The US Commerce Department released an authorization letter on July 2 to allow ZTE to resume a portion of its business, which will only include maintenance and support services for its networking and smartphone products sold through contracts signed before the ban was imposed in mid-April. No new deal is allowed to be made by the embattled Chinese company yet.

The US House of Representatives passed its defense bill earlier this week in a sweeping 359-49 vote, reported the South China Morning Post. An amendment to the appropriations bill prohibits the US government from buying from ZTE and Huawei Technologies, citing national security concerns. The new move is widely seen as being intended to pardon ZTE from harsher penalties that may in effect put it out of business.

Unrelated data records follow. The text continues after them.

definition Gunion :: "('v, 'p, 's, 'd) graph set \<Rightarrow> ('v, 'p, 's, 'd) graph" where
  "Gunion S = \<lparr>gV = \<Union>(gV ` S), gE = \<Union>(gE ` S),
     gsig = (\<lambda>x. if \<exists>H\<in>S. gsig H x \<noteq> None then gsig (SOME H. H \<in> S \<and> gsig H x \<noteq> None) x else None),
     gdel = (\<lambda>x. if \<exists>H\<in>S. gdel H x \<noteq> None then gdel (SOME H. H \<in> S \<and> gdel H x \<noteq> None) x else None)\<rparr>"

definition ren_edge :: "('v \<Rightarrow> 'v) \<Rightarrow> ('v \<times> 'p) set \<Rightarrow> ('v \<times> 'p) set" where
  "ren_edge R e = (\<lambda>(v, p). (R v, p)) ` e"

text \<open>Renamings are bijections of 'v; their natural action on graphs.\<close>
definition ren :: "('v \<Rightarrow> 'v) \<Rightarrow> ('v, 'p, 's, 'd) graph \<Rightarrow> ('v, 'p, 's, 'd) graph" where
  "ren R G = \<lparr>gV = R ` gV G, gE = ren_edge R ` gE G,
     gsig = gsig G \<circ> inv R, gdel = gdel G \<circ> ren_edge (inv R)\<rparr>"

definition ren_pt :: "('v \<Rightarrow> 'v) \<Rightarrow> ('v, 'p, 's, 'd) graph \<times> 'v \<Rightarrow> ('v, 'p, 's, 'd) graph \<times> 'v" where
  "ren_pt R D = (ren R (fst D), R (snd D))"

definition adj :: "('v, 'p, 's, 'd) graph \<Rightarrow> 'v \<Rightarrow> 'v \<Rightarrow> bool" where
  "adj G u v \<longleftrightarrow> (\<exists>e\<in>gE G. \<exists>p q. e = {(u, p), (v, q)})"

fun nbhd :: "('v, 'p, 's, 'd) graph \<Rightarrow> 'v \<Rightarrow> nat \<Rightarrow> 'v set" where
  "nbhd G c 0 = {c}"
| "nbhd G c (Suc n) = nbhd G c n \<union> {v. \<exists>u\<in>nbhd G c n. adj G u v}"

definition disk_edges :: "('v, 'p, 's, 'd) graph \<Rightarrow> nat \<Rightarrow> 'v \<Rightarrow> ('v \<times> 'p) set set" where
  "disk_edges G r c = {e \<in> gE G. \<exists>v p. (v, p) \<in> e \<and> v \<in> nbhd G c r}"

definition disk :: "('v, 'p, 's, 'd) graph \<Rightarrow> nat \<Rightarrow> 'v \<Rightarrow> ('v, 'p, 's, 'd) graph" where
  "disk G r c = \<lparr>gV = nbhd G c (Suc r), gE = disk_edges G r c,
     gsig = gsig G |` nbhd G c r, gdel = gdel G |` disk_edges G r c\<rparr>"

definition Disks :: "nat \<Rightarrow> (('v, 'p, 's, 'd) graph \<times> 'v) set" where
  "Disks r = {(disk G r c, c) | G c. wf_graph G \<and> c \<in> gV G}"

definition local_rule ::
  "nat \<Rightarrow> (('v, 'p, 's, 'd) graph \<times> 'v \<Rightarrow> ('v, 'p, 's, 'd) graph) \<Rightarrow> bool" where
  "local_rule r f \<longleftrightarrow>
     (\<forall>D\<in>Disks r. wf_graph (f D))
     \<and> (\<forall>R. bij R \<longrightarrow> (\<exists>R'. bij R' \<and> (\<forall>D\<in>Disks r. f (ren_pt R D) = ren R' (f D))))
     \<and> (\<forall>D1\<in>Disks r. \<forall>D2\<in>Disks r. gV (fst D1) \<inter> gV (fst D2) = {} \<longrightarrow> gV (f D1) \<inter> gV (f D2) = {})
     \<and> (\<exists>b::nat. \<forall>D\<in>Disks r. finite (gV (f D)) \<and> card (gV (f D)) \<le> b)
     \<and> (\<forall>G. wf_graph G \<longrightarrow> (\<forall>u\<in>gV G. \<forall>v\<in>gV G. consistent (f (disk G r u, u)) (f (disk G r v, v))))"

definition monotonic_rule ::
  "nat \<Rightarrow> (('v, 'p, 's, 'd) graph \<times> 'v \<Rightarrow> ('v, 'p, 's, 'd) graph) \<Rightarrow> bool" where
  "monotonic_rule r f \<longleftrightarrow>
     (\<forall>D1\<in>Disks r. \<forall>D2\<in>Disks r. snd D1 = snd D2 \<and> subg (fst D1) (fst D2) \<longrightarrow> subg (f D1) (f D2))"

definition is_cgd ::
  "(('v, 'p, 's, 'd) graph \<Rightarrow> ('v, 'p, 's, 'd) graph) \<Rightarrow> nat
     \<Rightarrow> (('v, 'p, 's, 'd) graph \<times> 'v \<Rightarrow> ('v, 'p, 's, 'd) graph) \<Rightarrow> bool" where
  "is_cgd F r f \<longleftrightarrow> local_rule r f
     \<and> (\<forall>G. wf_graph G \<longrightarrow> F G = Gunion {f (disk G r v, v) | v. v \<in> gV G})"

definition Conj ::
  "(('v, 'p, 's, 'd) graph \<Rightarrow> ('v, 'p, 's, 'd) graph) \<Rightarrow> ('v \<Rightarrow> 'v) \<Rightarrow> ('v \<Rightarrow> 'v) set" where
  "Conj F R = {R'. bij R' \<and> (\<forall>G. wf_graph G \<longrightarrow> F (ren R G) = ren R' (F G))}"

definition Fbar ::
  "(('v, 'p, 's, 'd) graph \<Rightarrow> ('v, 'p, 's, 'd) graph) \<Rightarrow> ('v \<Rightarrow> 'v) \<Rightarrow> ('v \<Rightarrow> 'v)" where
  "Fbar F R = (THE R'. R' \<in> Conj F R)"

text \<open>Objects of D^r: (H,{c}) for (H,c) a disk, and (empty,{}).\<close>
definition Dobj :: "nat \<Rightarrow> ('v, 'p, 's, 'd) graph \<times> 'v set \<Rightarrow> bool" where
  "Dobj r HC \<longleftrightarrow> HC = (empty_graph, {}) \<or> (\<exists>c. snd HC = {c} \<and> (fst HC, c) \<in> Disks r)"

text \<open>n is (the renaming underlying) a morphism (H1,C1) -> (H2,C2) of D^r.\<close>
definition Dmor :: "('v, 'p, 's, 'd) graph \<times> 'v set \<Rightarrow> ('v, 'p, 's, 'd) graph \<times> 'v set \<Rightarrow> ('v \<Rightarrow> 'v) \<Rightarrow> bool" where
  "Dmor HC1 HC2 n \<longleftrightarrow> bij n \<and> subg (ren n (fst HC1)) (fst HC2) \<and> n ` snd HC1 \<subseteq> snd HC2"

definition ftilde ::
  "(('v, 'p, 's, 'd) graph \<times> 'v \<Rightarrow> ('v, 'p, 's, 'd) graph) \<Rightarrow> ('v, 'p, 's, 'd) graph \<times> 'v set
     \<Rightarrow> ('v, 'p, 's, 'd) graph" where
  "ftilde f HC = (if snd HC = {} then empty_graph else f (fst HC, the_elem (snd HC)))"

text \<open>Objects ((H,C), m : H -> G) of the comma category i~/G.\<close>
definition comma_obj :: "nat \<Rightarrow> ('v, 'p, 's, 'd) graph
     \<Rightarrow> (('v, 'p, 's, 'd) graph \<times> 'v set \<times> ('v \<Rightarrow> 'v)) set" where
  "comma_obj r G = {(H, C, m). Dobj r (H, C) \<and> bij m \<and> subg (ren m H) G}"

text \<open>lam is a cocone over f~ o Proj_{i~/G} with vertex X: components
lam j : f~(H,C) -> X, compatible with every morphism
n : ((H1,C1), m o n) -> ((H2,C2), m) of i~/G, whose image under f~ o Proj has
underlying renaming Fbar F n.\<close>
definition is_cocone ::
  "(('v, 'p, 's, 'd) graph \<Rightarrow> ('v, 'p, 's, 'd) graph) \<Rightarrow> nat
     \<Rightarrow> (('v, 'p, 's, 'd) graph \<times> 'v \<Rightarrow> ('v, 'p, 's, 'd) graph)
     \<Rightarrow> ('v, 'p, 's, 'd) graph
     \<Rightarrow> (('v, 'p, 's, 'd) graph \<times> 'v set \<times> ('v \<Rightarrow> 'v) \<Rightarrow> ('v \<Rightarrow> 'v))
     \<Rightarrow> ('v, 'p, 's, 'd) graph \<Rightarrow> bool" where
  "is_cocone F r f G lam X \<longleftrightarrow>
     (\<forall>(H, C, m) \<in> comma_obj r G. bij (lam (H, C, m)) \<and> subg (ren (lam (H, C, m)) (ftilde f (H, C))) X)
     \<and> (\<forall>(H2, C2, m) \<in> comma_obj r G. \<forall>H1 C1 n. Dobj r (H1, C1) \<and> Dmor (H1, C1) (H2, C2) n
          \<longrightarrow> lam (H1, C1, m \<circ> n) = lam (H2, C2, m) \<circ> Fbar F n)"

On April 15, the US Commerce Department announced to impose a seven-year ban on ZTE to punish the company’s violation of first the US sanctions on Iran and North Korea and then the terms of a settlement it had agreed to last year. The ban had brought the main business of the hi-tech powerhouse to a standstill within weeks by cutting off its supply chain.

To everyone’s surprise, during mid-May, US President Donald Trump tweeted he would work with Xi Jinping, his Chinese counterpart, to prevent the company which employs 75,000 people from being closed down. He then instructed the US Commerce Department to look into easing the penalties that prohibited the company from buying chips and technologies from American companies.

It’s reported by the US media that Republican lawmakers strongly opposed Trump’s intervention in the ZTE case with the Senate voting last month to reinstate tough penalties on the Chinese company which, along with Huawei Technologies, are deemed by many China hawks as a national security threat.

Then came White House’s argument with Republican Senators last week, during which Trump emphasized his ZTE deal with China was “part of a broader geopolitical negotiating strategy”.

In this backdrop, the bill the House passed which has excluded language prohibiting ZTE from sourcing in the US market for seven years, is interpreted as “striking a middle ground” between the positions the White House and the Senate have taken, the South China Morning Post reported, suggesting the new development also signals that Trump’s ZTE deal will survive eventually.

At a shareholders’ meeting on June 29, Zhao Xianming, the CEO of ZTE Corp, indicated that the ban had inflicted no big harm to the company’s R&D initiatives and once the it’s lifted, ZTE’s major operations could be resumed within short time.

“For (our) company, after two months and a half, our core competence remains, especially in the aspect of research and development,” he said, adding the company’s 5G development capabilities continue to be bolstered.